Noticias da Semana – 20/10/2010 - Ricardo Schuster.
Tropa de Elite 2
Grata surpresa ao assistir ao filme. O primeiro é muito bom, mas tem-se a sensação nítida de uma ficção. Ganhou o Urso de Ouro merecido, mas o segundo é um filme visceral. Dói o estômago “do cara”. Wagner Moura, como subsecretario da segurança do Rio de Janeiro esta novamente brilhante. Não tenta roubar a cena. É comedido no estrelato e interpreta o ex- capitão Nascimento dando-lhe o toque de um homem sem esperanças, cansado e frio com a vida. Também se apresenta “quase doente de desgosto” em relação às instituições do Estado do Rio de Janeiro. O “sistema”( leia-se políticos legislativos e executivos, a policia e suas instituições e os bandidos) é totalmente podre e sempre recria as malvadezas. É indestrutível, evolutivo na sua sobrevivência.
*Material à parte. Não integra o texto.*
(* For any integers $n\ge2$, $k\ge1$, $D\ge1$ and any $\delta\in(0,1)$, any $\mathrm{MEQ}_{k,n}$ decision tree of depth $D$ computing a function $f:(\{0,1\}^n)^k\to S$ can be implemented by a quantum $k$-party $\mathsf{SMP}$ protocol (with no shared randomness and no shared entanglement) that uses $O(k(\log D+\log(1/\delta))\log n)$ qubits of communication in total and, on every input, outputs $f(x_1,\dots,x_k)$ with error probability at most $\delta$.
   Context: Quantum $k$-party simultaneous message-passing ($\mathsf{SMP}$) model: $k$ players, player $\ell$ holding private input $x_\ell\in\{0,1\}^n$, each send one quantum message (computed from its own input only; no shared randomness or entanglement) to a referee who then outputs a value; the communication cost is the maximum total number of qubits sent. The modified equality query is $\mathrm{MEQ}_{k,n}(i,j,y,z)=1$ if $x_i\oplus y=x_j\oplus z$ and $0$ otherwise ($\oplus$ = bitwise XOR). An $\mathrm{MEQ}_{k,n}$ decision tree is a rooted binary tree in which every node has 0 or 2 children; each internal node is labeled by a 4-tuple $(i,j,y,z)$ with $i,j\in[k]$ and fixed strings $y,z\in\{0,1\}^n$, and each leaf is labeled by an element of an output set $S$. On input $(x_1,\dots,x_k)$ it is evaluated starting at the root, moving to the right child if $x_i\oplus y=x_j\oplus z$ and to the left child otherwise, and outputting the label of the leaf reached. Its depth is the maximal number of internal nodes on a root-to-leaf path. It computes $f$ if its output equals $f(x_1,\dots,x_k)$ for all inputs. *)

theory Defs
  imports Complex_Main "HOL-Library.FuncSet"
begin

type_synonym bits = "bool list"

definition bitstrings :: "nat \<Rightarrow> bits set" where
  "bitstrings n = {v. length v = n}"

definition xor_bits :: "bits \<Rightarrow> bits \<Rightarrow> bits" where
  "xor_bits u v = map2 (\<noteq>) u v"

definition smp_inputs :: "nat \<Rightarrow> nat \<Rightarrow> (nat \<Rightarrow> bits) set" where
  "smp_inputs k n = PiE {..<k} (\<lambda>_. bitstrings n)"

text \<open>Node i j y z left right: go right if x_i xor y = x_j xor z, else left.\<close>
datatype 's meq_tree = Leaf 's | Node nat nat bits bits "'s meq_tree" "'s meq_tree"

fun meq_wf :: "nat \<Rightarrow> nat \<Rightarrow> 's meq_tree \<Rightarrow> bool" where
  "meq_wf k n (Leaf s) = True"
| "meq_wf k n (Node i j y z l r) =
     (i < k \<and> j < k \<and> length y = n \<and> length z = n \<and> meq_wf k n l \<and> meq_wf k n r)"

fun meq_depth :: "'s meq_tree \<Rightarrow> nat" where
  "meq_depth (Leaf s) = 0"
| "meq_depth (Node i j y z l r) = Suc (max (meq_depth l) (meq_depth r))"

fun meq_eval :: "'s meq_tree \<Rightarrow> (nat \<Rightarrow> bits) \<Rightarrow> 's" where
  "meq_eval (Leaf s) x = s"
| "meq_eval (Node i j y z l r) x =
     (if xor_bits (x i) y = xor_bits (x j) z then meq_eval r x else meq_eval l x)"

definition computes_tree :: "nat \<Rightarrow> nat \<Rightarrow> 's meq_tree \<Rightarrow> ((nat \<Rightarrow> bits) \<Rightarrow> 's) \<Rightarrow> bool" where
  "computes_tree k n T f \<longleftrightarrow> (\<forall>x\<in>smp_inputs k n. meq_eval T x = f x)"

text \<open>Operators on the Hilbert space with orthonormal basis indexed by a finite set A,
  given by their matrix entries.\<close>

definition psd_on :: "'i set \<Rightarrow> ('i \<Rightarrow> 'i \<Rightarrow> complex) \<Rightarrow> bool" where
  "psd_on A M \<longleftrightarrow>
     (\<forall>a\<in>A. \<forall>b\<in>A. M a b = cnj (M b a)) \<and>
     (\<forall>v :: 'i \<Rightarrow> complex. 0 \<le> Re (\<Sum>a\<in>A. \<Sum>b\<in>A. cnj (v a) * M a b * v b))"

definition density_on :: "'i set \<Rightarrow> ('i \<Rightarrow> 'i \<Rightarrow> complex) \<Rightarrow> bool" where
  "density_on A \<rho> \<longleftrightarrow> psd_on A \<rho> \<and> (\<Sum>a\<in>A. \<rho> a a) = 1"

definition povm_on :: "'i set \<Rightarrow> ('s \<Rightarrow> 'i \<Rightarrow> 'i \<Rightarrow> complex) \<Rightarrow> bool" where
  "povm_on A E \<longleftrightarrow>
     (\<forall>s. psd_on A (E s)) \<and>
     (\<exists>F. finite F \<and> (\<forall>s. s \<notin> F \<longrightarrow> (\<forall>a\<in>A. \<forall>b\<in>A. E s a b = 0)) \<and>
          (\<forall>a\<in>A. \<forall>b\<in>A. (\<Sum>s\<in>F. E s a b) = (if a = b then 1 else 0)))"

text \<open>Player l sends a (possibly mixed) state on qubits l qubits, i.e. a density operator
  on the space with basis {..<2^(qubits l)}; it depends only on the player's own input.
  The referee applies a POVM to the tensor product of all messages.\<close>
record 's smp_protocol =
  qubits :: "nat \<Rightarrow> nat"
  msg :: "nat \<Rightarrow> bits \<Rightarrow> nat \<Rightarrow> nat \<Rightarrow> complex"
  referee :: "'s \<Rightarrow> (nat \<Rightarrow> nat) \<Rightarrow> (nat \<Rightarrow> nat) \<Rightarrow> complex"

definition joint_space :: "nat \<Rightarrow> 's smp_protocol \<Rightarrow> (nat \<Rightarrow> nat) set" where
  "joint_space k P = PiE {..<k} (\<lambda>l. {..<2 ^ qubits P l})"

definition joint_state :: "nat \<Rightarrow> 's smp_protocol \<Rightarrow> (nat \<Rightarrow> bits) \<Rightarrow> (nat \<Rightarrow> nat) \<Rightarrow> (nat \<Rightarrow> nat) \<Rightarrow> complex" where
  "joint_state k P x a b = (\<Prod>l<k. msg P l (x l) (a l) (b l))"

definition valid_smp :: "nat \<Rightarrow> nat \<Rightarrow> 's smp_protocol \<Rightarrow> bool" where
  "valid_smp k n P \<longleftrightarrow>
     (\<forall>l<k. \<forall>w\<in>bitstrings n. density_on {..<2 ^ qubits P l} (msg P l w)) \<and>
     povm_on (joint_space k P) (referee P)"

definition smp_cost :: "nat \<Rightarrow> 's smp_protocol \<Rightarrow> nat" where
  "smp_cost k P = (\<Sum>l<k. qubits P l)"

definition output_prob :: "nat \<Rightarrow> 's smp_protocol \<Rightarrow> (nat \<Rightarrow> bits) \<Rightarrow> 's \<Rightarrow> real" where
  "output_prob k P x s =
     Re (\<Sum>a\<in>joint_space k P. \<Sum>b\<in>joint_space k P. referee P s a b * joint_state k P x b a)"

end

theory Submission
  imports Defs "HOL-Analysis.L2_Norm"
begin

text \<open>Each player sends R copies of a quantum fingerprint of its input built from a code of 2^m = O(n)
  words in which distinct messages disagree on between a quarter and three quarters of the words. A
  node (i, j, y, z) of the tree is a projective swap test on the fingerprints of players i and j, shifted
  by y and z; it accepts with certainty if x_i + y = x_j + z and rejects with probability at least
  1 - (5/8)^R otherwise, so the test moves the state by at most \<epsilon> = (5/8)^(R/2). The referee measures
  with the POVM whose outcome-s element collects all root-to-leaf paths of projections ending in s.
  Along the evaluation path the state stays within D \<epsilon> of the input state, so the referee outputs the
  correct leaf with probability at least 1 - 2 D \<epsilon>, which is at least 1 - \<delta> for R = O(log D + log 1/\<delta>).
  The cost is k m R = O(k (log D + log 1/\<delta>) log n) qubits; when this bound is below one qubit per
  player (depth one and \<delta> \<ge> 1/2), guessing one of the two leaves already suffices.\<close>

section \<open>Real operators on a finite basis\<close>

text \<open>All amplitudes and measurement operators of the protocol are real, so operators are real matrices
  indexed by a basis set A; psd_on_of_real below transfers positivity to the complex setting.\<close>
type_synonym 'a op = "'a \<Rightarrow> 'a \<Rightarrow> real"

definition id_op :: "'a op" where
  "id_op a b = (if a = b then 1 else 0)"

definition op_mult :: "'a set \<Rightarrow> 'a op \<Rightarrow> 'a op \<Rightarrow> 'a op" where
  "op_mult A X Y a b = (\<Sum>c\<in>A. X a c * Y c b)"

definition op_apply :: "'a set \<Rightarrow> 'a op \<Rightarrow> ('a \<Rightarrow> real) \<Rightarrow> 'a \<Rightarrow> real" where
  "op_apply A X v a = (\<Sum>b\<in>A. X a b * v b)"

definition gram :: "'a set \<Rightarrow> 'a op \<Rightarrow> 'a op" where
  "gram A K a b = (\<Sum>c\<in>A. K c a * K c b)"

definition quad_form :: "'a set \<Rightarrow> 'a op \<Rightarrow> ('a \<Rightarrow> real) \<Rightarrow> real" where
  "quad_form A X v = (\<Sum>a\<in>A. \<Sum>b\<in>A. v a * X a b * v b)"

definition is_projection :: "'a set \<Rightarrow> 'a op \<Rightarrow> bool" where
  "is_projection A P \<longleftrightarrow>
     (\<forall>a\<in>A. \<forall>b\<in>A. P a b = P b a) \<and> (\<forall>a\<in>A. \<forall>b\<in>A. (\<Sum>c\<in>A. P a c * P c b) = P a b)"

definition proj_compl :: "'a op \<Rightarrow> 'a op" where
  "proj_compl P a b = id_op a b - P a b"

lemma sum_id_op_left: "finite A \<Longrightarrow> a \<in> A \<Longrightarrow> (\<Sum>c\<in>A. id_op a c * f c) = f a"
  by (simp add: id_op_def if_distrib[of "\<lambda>t. t * _"] cong: if_cong)
theorem lemmaA3:
  fixes chi :: "real \<Rightarrow> real" and s :: real and q r :: ereal
  assumes chi_smooth: "\<forall>n x. ((deriv ^^ n) chi) differentiable (at x)"
    and chi_even: "\<forall>\<xi>. chi (- \<xi>) = chi \<xi>"
    and chi_one: "\<forall>\<xi>. \<bar>\<xi>\<bar> \<le> 1 \<longrightarrow> chi \<xi> = 1"
    and chi_zero: "\<forall>\<xi>. \<bar>\<xi>\<bar> \<ge> 2 \<longrightarrow> chi \<xi> = 0"
    and q: "2 \<le> q" and r: "2 \<le> r"
  shows "\<exists>C>0. \<forall>(T::ereal) (f::real \<Rightarrow> complex). 0 < T \<longrightarrow> integrable lborel f \<longrightarrow>
           LqB chi T q s r (\<lambda>t \<xi>. D1sym t \<xi> * chi_gt1 chi \<xi>) f
             \<le> ennreal C * besov chi s 2 (\<lambda>\<xi>. \<bar>\<xi>\<bar> powr (gamma_qr q r - 1) * chi_gt1 chi \<xi>) f
         \<and> LqB chi T q s r (\<lambda>t \<xi>. dtD1sym t \<xi> * chi_gt1 chi \<xi>) f
             \<le> ennreal C * besov chi s 2 (\<lambda>\<xi>. \<bar>\<xi>\<bar> powr (gamma_qr q r) * chi_gt1 chi \<xi>) f"
proof -
  have chi: "continuous_on UNIV chi"
    using chi_smooth[rule_format, of 0]
    by (simp add: continuous_at_imp_continuous_on differentiable_imp_continuous_within)
  have dtD1sym_le: "\<bar>dtD1sym t \<xi>\<bar> \<le> 2 * exp (- t / 2) * \<bar>\<xi>\<bar> powr - 0" if "1 \<le> \<bar>\<xi>\<bar>" for t \<xi>
    using abs_dtD1sym_le[OF that] that by auto
  show ?thesis
  proof (intro exI[of _ 4] conjI allI impI)
    fix T :: ereal and f :: "real \<Rightarrow> complex"
    assume f: "integrable lborel f"
    show "LqB chi T q s r (\<lambda>t \<xi>. D1sym t \<xi> * chi_gt1 chi \<xi>) f
        \<le> ennreal 4 * besov chi s 2 (\<lambda>\<xi>. \<bar>\<xi>\<bar> powr (gamma_qr q r - 1) * chi_gt1 chi \<xi>) f"
      by (rule LqB_le_besov[OF chi chi_one chi_zero q r f continuous_on_D1sym abs_D1sym_le])
    show "LqB chi T q s r (\<lambda>t \<xi>. dtD1sym t \<xi> * chi_gt1 chi \<xi>) f
        \<le> ennreal 4 * besov chi s 2 (\<lambda>\<xi>. \<bar>\<xi>\<bar> powr (gamma_qr q r) * chi_gt1 chi \<xi>) f"
      using LqB_le_besov[OF chi chi_one chi_zero q r f continuous_on_dtD1sym dtD1sym_le] by simp
  qed simp
qed

end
O crime se recria, se metamorfoseia conforme a necessidade de nova adaptação. Mas, o filme, tem um viés do bem no personagem de um ambientalista. Um...no caminho virtuoso escolhido e, como sempre, digo para meus filhos: “A virtude tem que ser cultivada, desejada e praticada diariamente. Não se nasce com virtude. Não se herda virtude e, principalmente, não se consegue fingir virtude”. O filme é um “documento”. É uma denuncia para nós brasileiros e pela qual devemos nos responsabilizar, para resolver. Passa diretamente pelos políticos. Passa pelo nosso voto na verdade. Assistam o filme e vocês irão me entender.
Falando de canalhas
Outra visceral. Um livro agora. O titulo é “Honoráveis Bandidos”. Editora “Geração Editorial”. De Palmério Dória. Este é indigesto. O livro só fala da “podridão”. Da podridão dos políticos citados no filme de Padilha (diretor de Tropa de Elite 2). Só que o livro não é ficção. É jornalismo dos bons. Jornalismo de investigação e denuncias. Este mesmo que o PT insiste vez por outra em controlar, em censurar. Sabe você leitor quem são os denunciados neste livro, com nome e sobrenome e endereço? José Sarney e toda a “cambada” da sua família. Claro que aparecem, alem deles, vários outros nomes de figuras ilustres do cenário político brasileiro. Se você ler o livro não vai conseguir entender como Sarney e familia, chamado de brasileiro diferenciado pelo Presidente Lula, não estão presos e banidos “da vida publica” brasileira. No Maranhão, estado do Sarney, corre uma piada em que um do povo pergunta para outro:
-“Qual a pior coisa do Maranhão?”
-“A família Sarney.”
-“Qual a melhor coisa do Maranhão?”
-“Ser da família Sarney.”
Alias, o Maranhão é dos Sarney mesmo. Ruas, praças, escolas, logradouros públicos tudo tem o nome de um “Sarney qualquer”. E é bom saber que até pouco tempo o presidente do Partido Verde era o Sarney Filho. O patriarca, maníaco, constrói um mausoléu ( com dinheiro publico, em um prédio publico) para seu sepultamento em São Luís acreditando que quando morrer ocorrerão romarias religiosas em torno de sua lápide. É muito “se achão” esse Sarney. Leiam o livro. É baratinho. Meio indigesto. Se alguém quiser... Eu empresto.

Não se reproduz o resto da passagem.